Single out the lines of the material that contain "ultimately" and copy them.

════

definition wa :: "nat \<Rightarrow> int" where "wa n = \<lfloor>real n * phi\<rfloor>"

definition f_ij :: "nat \<Rightarrow> int \<Rightarrow> nat \<Rightarrow> int" where
  "f_ij i j n = int (fib (i + 1)) * wa n + int (fib i) * int n - j"

definition R_ij :: "nat \<Rightarrow> int \<Rightarrow> int set" where
  "R_ij i j = f_ij i j ` {1..}"

end

(* Since phi is irrational and 1/phi + 1/phi^2 = 1, Beatty's theorem says that the lower and
   upper Wythoff sequences a and b = a + id partition the positive integers. The identities
   a(a(n)) = b(n) - 1 and a(b(n)) = a(n) + b(n), together with F(i+2) = F(i+1) + F(i), give
   f_{i,j} o a = f_{i+1,F(i+1)+j} and f_{i,j} o b = f_{i+2,j}. As f_{i,j} is strictly increasing,
   it maps the partition of the positive integers to a partition of R_{i,j}. *)

theory Submission
  imports Defs
begin

lemma irrational_mult_notin_Ints:
  fixes \<alpha> q :: real
  assumes "\<alpha> \<notin> \<rat>" "q \<in> \<rat>" "q \<noteq> 0"
  shows "q * \<alpha> \<notin> \<int>"
proof
  assume "q * \<alpha> \<in> \<int>"
  then have "q * \<alpha> / q \<in> \<rat>" using assms(2) Ints_subset_Rats Rats_divide by blast
  moreover have "q * \<alpha> / q = \<alpha>" using assms(3) by simp
  ultimately show False using assms(1) by simp
qed

lemma of_int_floor_less_if_notin_Ints:
  fixes x :: real
  assumes "x \<notin> \<int>"
  shows "of_int \<lfloor>x\<rfloor> < x"
proof -
  have "of_int \<lfloor>x\<rfloor> \<noteq> x" using assms Ints_of_int by metis
  then show ?thesis using of_int_floor_le[of x] by linarith
qed

lemma Beatty_complement_irrational:
  fixes \<alpha> \<beta> :: real
  assumes "1 / \<alpha> + 1 / \<beta> = 1" "\<alpha> \<notin> \<rat>"
  shows "\<beta> \<notin> \<rat>"
proof
  assume "\<beta> \<in> \<rat>"
  then have "1 / (1 - 1 / \<beta>) \<in> \<rat>" by simp
  moreover have "1 - 1 / \<beta> = 1 / \<alpha>" using assms(1) by simp
  ultimately show False using assms(2) by simp
qed

lemma divide_add_divide_eq_self:
  fixes \<alpha> \<beta> x :: real
  assumes "1 / \<alpha> + 1 / \<beta> = 1"
  shows "x / \<alpha> + x / \<beta> = x"
proof -
  have "x / \<alpha> + x / \<beta> = x * (1 / \<alpha> + 1 / \<beta>)" by (simp add: algebra_simps)
  with assms show ?thesis by simp
qed

lemma Beatty_disjoint:
  fixes \<alpha> \<beta> :: real
  assumes "\<alpha> > 0" "\<beta> > 0" "1 / \<alpha> + 1 / \<beta> = 1" "\<alpha> \<notin> \<rat>" "n \<ge> 1" "k \<ge> 1"
  shows "\<lfloor>real n * \<alpha>\<rfloor> \<noteq> \<lfloor>real k * \<beta>\<rfloor>"
proof
  assume "\<lfloor>real n * \<alpha>\<rfloor> = \<lfloor>real k * \<beta>\<rfloor>"
  then obtain m where m_n: "\<lfloor>real n * \<alpha>\<rfloor> = m" and m_k: "\<lfloor>real k * \<beta>\<rfloor> = m" by simp
  have "real n * \<alpha> \<notin> \<int>" "real k * \<beta> \<notin> \<int>"
    using irrational_mult_notin_Ints Beatty_complement_irrational assms(3-6) by auto
  then have "of_int m < real n * \<alpha>" "of_int m < real k * \<beta>"
    using of_int_floor_less_if_notin_Ints m_n m_k by fastforce+
  moreover have "real n * \<alpha> < of_int m + 1" "real k * \<beta> < of_int m + 1"
    using real_of_int_floor_add_one_gt[of "real n * \<alpha>"] real_of_int_floor_add_one_gt[of "real k * \<beta>"]
    by (simp_all add: m_n m_k)
  ultimately have "of_int m / \<alpha> < real n" "real n < (of_int m + 1) / \<alpha>"
    and "of_int m / \<beta> < real k" "real k < (of_int m + 1) / \<beta>"
    using assms(1,2) by (simp_all add: field_simps)
  then have "of_int m < real n + real k" "real n + real k < of_int m + 1"
    using divide_add_divide_eq_self[OF assms(3), of "of_int m"]
      divide_add_divide_eq_self[OF assms(3), of "of_int m + 1"] by linarith+
  then have "of_int m < real_of_int (int n + int k)" "real_of_int (int n + int k) < of_int (m + 1)"
    by simp_all
  then show False unfolding of_int_less_iff by linarith
qed

lemma of_int_floor_divide_less_if_irrational:
  fixes \<alpha> q :: real
  assumes "\<alpha> \<notin> \<rat>" "q \<in> \<rat>" "q \<noteq> 0"
  shows "of_int \<lfloor>q / \<alpha>\<rfloor> < q / \<alpha>"
proof -
  have "inverse \<alpha> \<notin> \<rat>" using assms(1) Rats_inverse inverse_inverse_eq by metis
  then have "q * inverse \<alpha> \<notin> \<int>" using assms(2,3) by (rule irrational_mult_notin_Ints)
  then show ?thesis unfolding divide_inverse by (rule of_int_floor_less_if_notin_Ints)
qed

lemma Beatty_floor_divide_sum:
  fixes \<alpha> \<beta> :: real
  assumes "\<alpha> > 0" "\<beta> > 0" "1 / \<alpha> + 1 / \<beta> = 1" "\<alpha> \<notin> \<rat>" "m \<ge> 0"
  shows "\<lfloor>(of_int m + 1) / \<alpha>\<rfloor> + \<lfloor>(of_int m + 1) / \<beta>\<rfloor> = m"
proof -
  define n where "n = \<lfloor>(of_int m + 1) / \<alpha>\<rfloor>"
  define k where "k = \<lfloor>(of_int m + 1) / \<beta>\<rfloor>"
  have "\<beta> \<notin> \<rat>" "of_int m + 1 \<noteq> (0 :: real)"
    using assms(3-5) Beatty_complement_irrational by auto
  then have "of_int n < (of_int m + 1) / \<alpha>" "of_int k < (of_int m + 1) / \<beta>"
    unfolding n_def k_def using assms(4) of_int_floor_divide_less_if_irrational by simp_all
  moreover have "(of_int m + 1) / \<alpha> < of_int n + 1" "(of_int m + 1) / \<beta> < of_int k + 1"
    unfolding n_def k_def by simp_all
  ultimately have "real_of_int (n + k) < of_int (m + 1)" "of_int (m + 1) < real_of_int (n + k + 2)"
    using divide_add_divide_eq_self[OF assms(3), of "of_int m + 1"] by simp_all
  then show ?thesis unfolding n_def k_def of_int_less_iff by linarith
qed

lemma Beatty_cover:
  fixes \<alpha> \<beta> :: real
  assumes "\<alpha> > 0" "\<beta> > 0" "1 / \<alpha> + 1 / \<beta> = 1" "\<alpha> \<notin> \<rat>" "m \<ge> 1"
  shows "\<exists>n\<ge>1. \<lfloor>real n * \<alpha>\<rfloor> = m \<or> \<lfloor>real n * \<beta>\<rfloor> = m"
proof -
  define n where "n = \<lfloor>(of_int m + 1) / \<alpha>\<rfloor>"
  define k where "k = \<lfloor>(of_int m + 1) / \<beta>\<rfloor>"
  \<comment> \<open>n and k count the terms below m + 1 of the two sequences; as n + k = m, one of the
    sequences has a term in the interval [m, m + 1).\<close>
  have "n + k = m" unfolding n_def k_def using assms by (intro Beatty_floor_divide_sum) simp_all
  have "n \<ge> 0" "k \<ge> 0"
    unfolding n_def k_def using assms(1,2,5) by simp_all
  have "\<beta> \<notin> \<rat>" "of_int m + 1 \<noteq> (0 :: real)"
    using assms(3-5) Beatty_complement_irrational by auto
  then have "of_int n < (of_int m + 1) / \<alpha>" "of_int k < (of_int m + 1) / \<beta>"
    unfolding n_def k_def using assms(4) of_int_floor_divide_less_if_irrational by simp_all
  then have "real_of_int n * \<alpha> < of_int m + 1" "real_of_int k * \<beta> < of_int m + 1"
    using assms(1,2) by (simp_all add: field_simps)
  moreover have "of_int m \<le> real_of_int n * \<alpha> \<or> of_int m \<le> real_of_int k * \<beta>"
  proof (rule ccontr)
    assume "\<not> ?thesis"
    then have "real_of_int n < of_int m / \<alpha>" "real_of_int k < of_int m / \<beta>"
      using assms(1,2) by (simp_all add: field_simps)
    then have "real_of_int (n + k) < of_int m"
      using divide_add_divide_eq_self[OF assms(3), of "of_int m"] by simp
    with \<open>n + k = m\<close> show False by simp
  qed
  ultimately have "\<lfloor>real_of_int n * \<alpha>\<rfloor> = m \<or> \<lfloor>real_of_int k * \<beta>\<rfloor> = m"
    by (auto intro: floor_unique)
  then show ?thesis
  proof
    assume "\<lfloor>real_of_int n * \<alpha>\<rfloor> = m"
    moreover from this have "n \<ge> 1" using \<open>n \<ge> 0\<close> assms(5) by (cases "n = 0") auto
    ultimately show ?thesis by (intro exI[of _ "nat n"]) simp
  next
    assume "\<lfloor>real_of_int k * \<beta>\<rfloor> = m"
    moreover from this have "k \<ge> 1" using \<open>k \<ge> 0\<close> assms(5) by (cases "k = 0") auto
    ultimately show ?thesis by (intro exI[of _ "nat k"]) simp
  qed
qed

lemma Beatty_partition:
  fixes \<alpha> \<beta> :: real
  assumes "\<alpha> > 0" "\<beta> > 0" "1 / \<alpha> + 1 / \<beta> = 1" "\<alpha> \<notin> \<rat>"
  shows "(\<lambda>n. \<lfloor>real n * \<alpha>\<rfloor>) ` {1..} \<union> (\<lambda>n. \<lfloor>real n * \<beta>\<rfloor>) ` {1..} = {1..}"
    and "(\<lambda>n. \<lfloor>real n * \<alpha>\<rfloor>) ` {1..} \<inter> (\<lambda>n. \<lfloor>real n * \<beta>\<rfloor>) ` {1..} = {}"
proof -
  have "1 / \<alpha> < 1" "1 / \<beta> < 1"
    using assms(1-3) by (smt (verit) divide_pos_pos)+
  then have "\<alpha> > 1" "\<beta> > 1"
    using assms(1,2) by (simp_all add: field_simps)
  then have "\<lfloor>real n * \<alpha>\<rfloor> \<ge> 1" "\<lfloor>real n * \<beta>\<rfloor> \<ge> 1" if "n \<ge> 1" for n
    using that mult_mono[of 1 "real n" 1 \<alpha>] mult_mono[of 1 "real n" 1 \<beta>]
    by (simp_all add: one_le_floor)
  then show "(\<lambda>n. \<lfloor>real n * \<alpha>\<rfloor>) ` {1..} \<union> (\<lambda>n. \<lfloor>real n * \<beta>\<rfloor>) ` {1..} = {1..}"
    using Beatty_cover[OF assms] by fastforce
  show "(\<lambda>n. \<lfloor>real n * \<alpha>\<rfloor>) ` {1..} \<inter> (\<lambda>n. \<lfloor>real n * \<beta>\<rfloor>) ` {1..} = {}"
    using Beatty_disjoint[OF assms] by fastforce
qed

definition wb :: "nat \<Rightarrow> int" where "wb n = \<lfloor>real n * phi\<^sup>2\<rfloor>"

lemma phi_squared: "phi\<^sup>2 = phi + 1"
  by (simp add: phi_def power2_eq_square field_simps)

lemma phi_gt_1: "phi > 1" and phi_less_2: "phi < 2"
proof -
  have "1 < sqrt 5" "sqrt 5 < 3" by (simp_all add: real_less_rsqrt real_sqrt_less_iff real_less_lsqrt)
  then show "phi > 1" "phi < 2" by (simp_all add: phi_def)
qed

lemma phi_irrational: "phi \<notin> \<rat>"
proof
  assume "phi \<in> \<rat>"
  then obtain p q :: nat where "q \<noteq> 0" "\<bar>phi\<bar> = real p / real q" "coprime p q"
    by (rule Rats_abs_nat_div_natE)
  then have phi_pq: "phi = real p / real q" using phi_gt_1 by simp
  have "real (p\<^sup>2) = real (p * q + q\<^sup>2)"
  proof -
    have "(real p / real q)\<^sup>2 = real p / real q + 1" using phi_squared phi_pq by simp
    with \<open>q \<noteq> 0\<close> show ?thesis by (simp add: field_simps power2_eq_square)
  qed
  then have pq: "p\<^sup>2 = q * (p + q)" "q\<^sup>2 = p * (p - q)"
    unfolding of_nat_eq_iff by (simp_all add: algebra_simps power2_eq_square diff_mult_distrib2)
  have "is_unit q"
    using \<open>coprime p q\<close> pq(1) by (metis coprime_commute coprime_common_divisor coprime_power_right_iff dvd_refl dvd_triv_left)
  moreover have "is_unit p"
    using \<open>coprime p q\<close> pq(2) by (metis coprime_common_divisor coprime_power_right_iff dvd_refl dvd_triv_left)
  ultimately show False using pq(1) by simp
qed

lemma wb_eq: "wb n = wa n + int n"
  by (simp add: wb_def wa_def phi_squared distrib_left)

lemma wa_wb_partition: "wa ` {1..} \<union> wb ` {1..} = {1..}" "wa ` {1..} \<inter> wb ` {1..} = {}"
proof -
  have "1 / phi + 1 / phi\<^sup>2 = (phi + 1) / phi\<^sup>2"
    using phi_gt_1 by (simp add: field_simps power2_eq_square)
  then have "1 / phi + 1 / phi\<^sup>2 = 1"
    using phi_gt_1 by (simp add: phi_squared)
  then show "wa ` {1..} \<union> wb ` {1..} = {1..}" "wa ` {1..} \<inter> wb ` {1..} = {}"
    using Beatty_partition[of phi "phi\<^sup>2"] phi_gt_1 phi_irrational
    unfolding wa_def[abs_def] wb_def[abs_def] by simp_all
qed

lemma wa_times_phi:
  "of_int (wa n) * phi = of_int (wa n) + real n - frac (real n * phi) * (phi - 1)"
proof -
  define d where "d = frac (real n * phi)"
  have "real n * phi = of_int (wa n) + d" by (simp add: d_def frac_def wa_def)
  then have "of_int (wa n) * phi = real n * phi\<^sup>2 - d * phi"
    by (simp add: power2_eq_square algebra_simps)
  also have "\<dots> = of_int (wa n) + real n - d * (phi - 1)"
    using \<open>real n * phi = of_int (wa n) + d\<close> by (simp add: phi_squared algebra_simps)
  finally show ?thesis by (simp add: d_def)
qed

lemma wa_nonneg: "wa n \<ge> 0"
  using phi_gt_1 by (simp add: wa_def)

lemma wa_wa:
  assumes "n \<ge> 1"
  shows "wa (nat (wa n)) = wb n - 1"
proof -
  have "real n * phi \<notin> \<int>"
    using assms irrational_mult_notin_Ints phi_irrational by simp
  then have "0 < frac (real n * phi) * (phi - 1)" "frac (real n * phi) * (phi - 1) < 1"
    using phi_gt_1 phi_less_2 frac_lt_1[of "real n * phi"] mult_strict_mono[of "frac (real n * phi)" 1 "phi - 1" 1]
    by simp_all
  then have "\<lfloor>of_int (wa n) * phi\<rfloor> = wa n + int n - 1"
    unfolding wa_times_phi by (intro floor_unique) simp_all
  then show ?thesis by (simp add: wa_def[of "nat (wa n)"] wa_nonneg wb_eq)
qed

════

* _Exercise answer_
  ultimately show False using assms(1) by simp
  ultimately show False using assms(2) by simp
  ultimately have "of_int m / \<alpha> < real n" "real n < (of_int m + 1) / \<alpha>"
  ultimately have "real_of_int (n + k) < of_int (m + 1)" "of_int (m + 1) < real_of_int (n + k + 2)"
  ultimately have "\<lfloor>real_of_int n * \<alpha>\<rfloor> = m \<or> \<lfloor>real_of_int k * \<beta>\<rfloor> = m"
    ultimately show ?thesis by (intro exI[of _ "nat n"]) simp
    ultimately show ?thesis by (intro exI[of _ "nat k"]) simp
  ultimately show False using pq(1) by simp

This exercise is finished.